Diving into the functionality

2.3 Indexing new data

Although chapter 3 gets into the details of indexing, here the goal is to give you a feel for what indexing is about. In this section, we’ll discuss the following processes:

• Indexing a document with cURL. To send your first document, you’ll use the HTTP API to send a JSON document to be indexed with Elasticsearch. Then, we’ll have a look at the JSON reply that comes back.

• Looking at how Elasticsearch automatically creates the index and type to which your document belongs if they don’t exist already.

• Running a script to index additional documents. You’ll run the code samples for this chapter to quickly index additional files. This way, you have a bunch of documents ready to search through.

You’ll index your first document by hand, so let’s start by looking at how to issue an HTTP PUT request to a URI. A sample URI shown in figure 2.10 with each part labeled.

Figure 2.10 URI of a document in Elasticsearch

Let’s walk through how you issue the request.

2.3.1 Indexing a document with cURL

For most snippets in this book we’ll use the cURL binary. cURL is a command-line tool for transferring data over HTTP. You’ll use the curl command to make HTTP requests, as it has become a convention to use cURL for Elasticsearch code snippets. That’s because it’s easy to translate a cURL example into any programming language. In fact, if you ask for help on the official mailing list for Elasticsearch, it’s recommended that you provide a curl re-creation of your problem. A curl re-creation is a command or a sequence of curl commands that

reproduces the problem you’re experiencing, and anyone who has Elasticsearch installed locally can run it.

Installing cURL

If you’re running on a UNIX-like operating system, like Linux or Mac OS X, then you’re likely to have the curl command available. If you don’t have it already, or if you’re on Windows, you can download it from http://curl.haxx.se/. You can also install Cygwin, and then select cURL as part of the Cygwin installation, which is the approach we recommend.

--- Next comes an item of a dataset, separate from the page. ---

(* Let $G$ be a blockgraph that is valid and proper. Then in the total balance of $G$, every account has non-negative balance.
   Context: Accounts and transactions. There is a set $\mathbb{B}$ of bank public keys and a set $\mathbb{C}$ of user public keys; an account number is a pair $(b,c)\in\mathbb{B}\times\mathbb{C}$ (held by user $c$ at bank $b$). A transaction is a tuple $(s,t,m,i,d)$: $s$ is the source account and $t$ the destination account, $m>0$ is the amount, $i\in\mathbb{N}$ is a sequence number, and $d$ is a signature on $(s,t,m,i)$ made with $s$'s private key. The transaction belongs to the user of $s$. Two transactions are conflicting if they have the same source account and the same sequence number but are different. Blockgraph. A blockgraph is a finite directed acyclic graph with the following nodes. - There is exactly one init node, listing sorted account numbers with positive initial amounts (the initial balance; unlisted accounts start at $0$). - Every other node is owned by a bank and carries: the bank id, a sequence number, the hash of its parent (the previous node in the bank's chain, or the init node for sequence number $1$), and the bank's signature. - Each such node is of one of four types: start node (a list of transactions), update node (references to nodes of other banks), close node, or accept node. Edges go from each non-init node to its parent, and from each update node to the nodes it references. Along each bank's chain, the start, close and accept nodes occur in the repeating pattern start, close, accept, start, close, accept, $\dots$; update nodes may occur anywhere. The nodes from a start node to the next accept node of that bank form a block, whose close node and accept node match the start node. Terminology on a blockgraph: - $v_1$ acknowledges $v_2$ if $v_2$ is reachable from $v_1$. - The subgraph of $v$ is the set of nodes reachable from $v$, minus $v$ itself. - A bank is malicious according to a blockgraph if the blockgraph contains two different nodes of that bank with the same sequence number. - A start node is open if it has no matching accept node in the graph. Total balance. Start from the initial balance. Then, for every accept node, apply each transaction of its matching start node, provided that the subgraph of the matching close node contains no conflicting transaction and that the same transaction was not already applied. The applied transactions are called accepted. Uncertain transactions in $G$. These are the transactions $t$ that satisfy all of the following: - $t$ lies in an open start node of a bank $A$; - $t$ transfers from an account at bank $B$ to an account at bank $C$, with $A\neq B$ and $B\neq C$; - no other transaction of the same user with the same sequence number is applied in the total balance of $G$. Voting power distribution of $G$. Each bank initially gets the sum of the balances of its accounts in the total balance of $G$. Then, for each user having uncertain transactions in $G$, take the largest amount among that user's uncertain transactions. This amount is subtracted from the voting power of the user's bank and is assigned as shared voting power to the coalition consisting of the user's bank together with the banks of all destination accounts of that user's uncertain transactions. Validity. A node is valid if it has a (unique) representing blockgraph, its subgraph is valid (all nodes valid), and the type-specific condition below holds. A blockgraph is valid if all its nodes are valid. - Init node: always valid. - Update node: it references no node already in its parent's subgraph, and its own bank is not malicious according to its subgraph. - Start node $v$ (with subgraph $G'$): for each transaction $t$ in $v$, with user $u$ and amount $m$, let $N$ be the number of distinct accepted transactions of $u$ in $G'$. Then those $N$ transactions must have sequence numbers exactly $1,\dots,N$; $t$ must have sequence number $N+1$; no transaction of $u$ different from $t$ with sequence number $N+1$ may appear in $G'$; and $u$'s balance in the total balance of $G'$ must be at least $m$. - Close node $v_c$ following start node $v_s$: let $S$ be the set of banks $B'$ owning a node $w$ such that $v_c$ acknowledges $w$ and $w$ acknowledges $v_s$. The voting power of the banks in $S$, including voting power shared only among members of $S$, computed in the voting power distribution of $v_c$'s subgraph, must be at least a fixed threshold of at least two thirds of the total voting power. - Accept node $v_a$ following close node $v_c$: the same condition, with $S$ the set of banks owning a node $w$ such that $v_a$ acknowledges $w$ and $w$ acknowledges $v_c$, and voting power computed in $v_a$'s subgraph. Proper. A blockgraph is proper if (1) for every pair of close nodes, at least one of them acknowledges the start node of the other's block, and (2) for every pair of accept nodes, at least one of them acknowledges the close node of the other's block. *)

theory Defs
  imports Complex_Main "HOL-Library.Product_Lexorder"
begin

Using Cygwin to run curl commands on Windows is preferred because you can copy-paste the commands that work on UNIX-like systems. If you choose to stick with the Windows shell, take extra care because single quotes behave differently on Windows. In most situations, you must replace single quotes (') with double-quotes (") and escape double quotes with a backslash (\"). For example, a UNIX command like this

curl 'http://localhost' -d '{"field": "value"}' looks like this on Windows

curl "http://localhost" -d "{\"field\": \"value\"}"

Assuming you can use the curl command and you have Elasticsearch installed with the defaults settings on your local machine, you can index your first CD document with the following command:

% curl -XPUT 'localhost:9200/get-together/group/1?pretty' -d '{

"name": "Elasticsearch Denver", "organizer": "Lee"

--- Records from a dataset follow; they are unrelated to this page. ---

lemma sum_bicomp: "(\<Sum>(p, q)\<in>(\<lambda>\<alpha>. (xdeg \<alpha>, udeg \<alpha>)) ` keys R. bicomp p q R) = R"
proof (rule poly_mapping_eqI)
  fix a
  let ?I = "(\<lambda>\<alpha>. (xdeg \<alpha>, udeg \<alpha>)) ` keys R"
  have "lookup (\<Sum>(p, q)\<in>?I. bicomp p q R) a = (\<Sum>x\<in>?I. if (xdeg a, udeg a) = x then lookup R a else 0)"
    unfolding lookup_sum by (intro sum.cong refl) (auto simp: lookup_bicomp split: if_splits)
  also have "\<dots> = lookup R a"
    by (cases "a \<in> keys R") (auto simp: sum.delta' in_keys_iff)
  finally show "lookup (\<Sum>(p, q)\<in>?I. bicomp p q R) a = lookup R a" .
qed

lemma fischer_pis_left:
  assumes "harmonic2 Q"
  shows "fischer (pis R) Q = fischer R Q"
proof -
  have "fischer (pis_hom p q (bicomp p q R)) Q = fischer (bicomp p q R) Q" for p q
  proof -
    obtain Hf where Hf: "fischer_decomp p q (bicomp p q R) Hf"
      using fischer_decomp_exists[OF bihom_bicomp] by blast
    then have "bicomp p q R = (\<Sum>a\<le>p div 2. \<Sum>b\<le>q div 2. normx2 ^ a * normu2 ^ b * Hf a b)"
      by (simp add: fischer_decomp_def)
    then have "fischer (bicomp p q R) Q = fischer (Hf 0 0) Q"
      by (simp only: fischer_norm_powers_sum_harmonic[OF assms])
    then show ?thesis
      by (simp only: pis_hom_eq[OF Hf])
  qed
  then have "fischer (pis R) Q = fischer (\<Sum>(p, q)\<in>(\<lambda>\<alpha>. (xdeg \<alpha>, udeg \<alpha>)) ` keys R. bicomp p q R) Q"
    by (simp add: pis_def fischer_sum_left case_prod_beta)
  then show ?thesis
    by (simp only: sum_bicomp)
qed

lemma fischer_pis_right: "harmonic2 P \<Longrightarrow> fischer P (pis R) = fischer P R"
  by (metis fischer_cnj fischer_pis_left)

section \<open>Adjoints\<close>

lemma fischer_C_op_left:
  assumes "harmonic2 P" "harmonic2 Q"
  shows "fischer (C_op P) Q = fischer P (A_op Q)"
proof -
  have "(\<Sum>j\<in>UNIV. var (Inr j) * var (Inl j)) * P = (\<Sum>j\<in>UNIV. var (Inl j) * (var (Inr j) * P))"
    unfolding sum_distrib_right by (simp add: mult_ac)
  then show ?thesis
    unfolding C_op_def A_op_def fischer_pis_left[OF assms(2)] fischer_pis_right[OF assms(1)]
    by (simp add: fischer_sum_left fischer_sum_right fischer_var_mult_left)
qed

You should get the following output:

{

"ok" : true,

"_index" : "get-together", "_type" : "group",

"_id" : "1", "_version" : 1, "created" : true }

The reply tells you whether the request succeeded or failed. If it worked, you should get back the index, type, and ID of the indexed document. In this case, you get the ones you specified, but it’s also possible to rely on Elasticsearch to generate IDs, as you’ll learn in chapter 3. You also get the version of the document, which begins at 1 and is incremented with each update. You’ll learn all about updates in chapter 3.

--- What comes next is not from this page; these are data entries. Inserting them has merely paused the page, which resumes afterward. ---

lemma D_open_imp_openin_Ttop:
  assumes A: "card A \<ge> 2" and S: "D_open A S"
  shows "openin (Ttop A) S"
  unfolding openin_Ttop
proof (intro conjI allI impI)
  show "S \<subseteq> Tcar A"
    using S unfolding D_open_def by blast
  fix v :: "'a list"
  assume "v \<noteq> [] \<and> set v \<subseteq> A"
  then have v: "v \<noteq> []" "set v \<subseteq> A"
    by auto
  obtain a where "a \<in> A"
    using A by fastforce
  have "\<bar>s - 1\<bar> < 1 \<or> \<bar>s\<bar> < 1" if "s \<in> {0..1}" for s :: real
    using that by (cases "s = 0") auto
  then have "{s \<in> {0..1}. edge_map v s \<in> S} =
      {s \<in> {0..1}. \<bar>s - 1\<bar> < 1 \<and> edge_map v s \<in> S} \<union> {s \<in> {0..1}. \<bar>s\<bar> < 1 \<and> edge_map v s \<in> S}"
    by blast
  then show "openin (top_of_set {0..1}) {s \<in> {0..1}. edge_map v s \<in> S}"
    using openin_Un[OF openin_edge_vimage_near_top[OF S v \<open>a \<in> A\<close>] openin_edge_vimage_near_bottom[OF A S v]]
    by (simp only:)
qed

theorem mainTheorem1:
  fixes A :: "'a set"
  assumes "finite A" and "card A \<ge> 2"
  shows "D_topology A = Ttop A"
  unfolding topology_eq openin_D_topology
  using openin_Ttop_imp_D_open D_open_imp_openin_Ttop[OF assms(2)] by blast

end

There are many ways to use curl to make HTTP requests; run man curl to see all of them.

Throughout this book, we use the following curl usage conventions:

• The method, which is typically GET, PUT or POST, is the argument of the -X parameter.

You can add a space between the parameter and its argument, but we don’t add one.

For example, we use -XPUT instead of -X PUT. The default method is GET, and when we use it, we skip the -X parameter altogether.

• In the URI, we skip specifying the protocol; it’s always http, and curl uses http by default when no protocol is specified.

• We put single quotes around the URI because it can contain multiple parameters, and you have to separate the parameters with an ampersand (&), which normally sends the process to the background.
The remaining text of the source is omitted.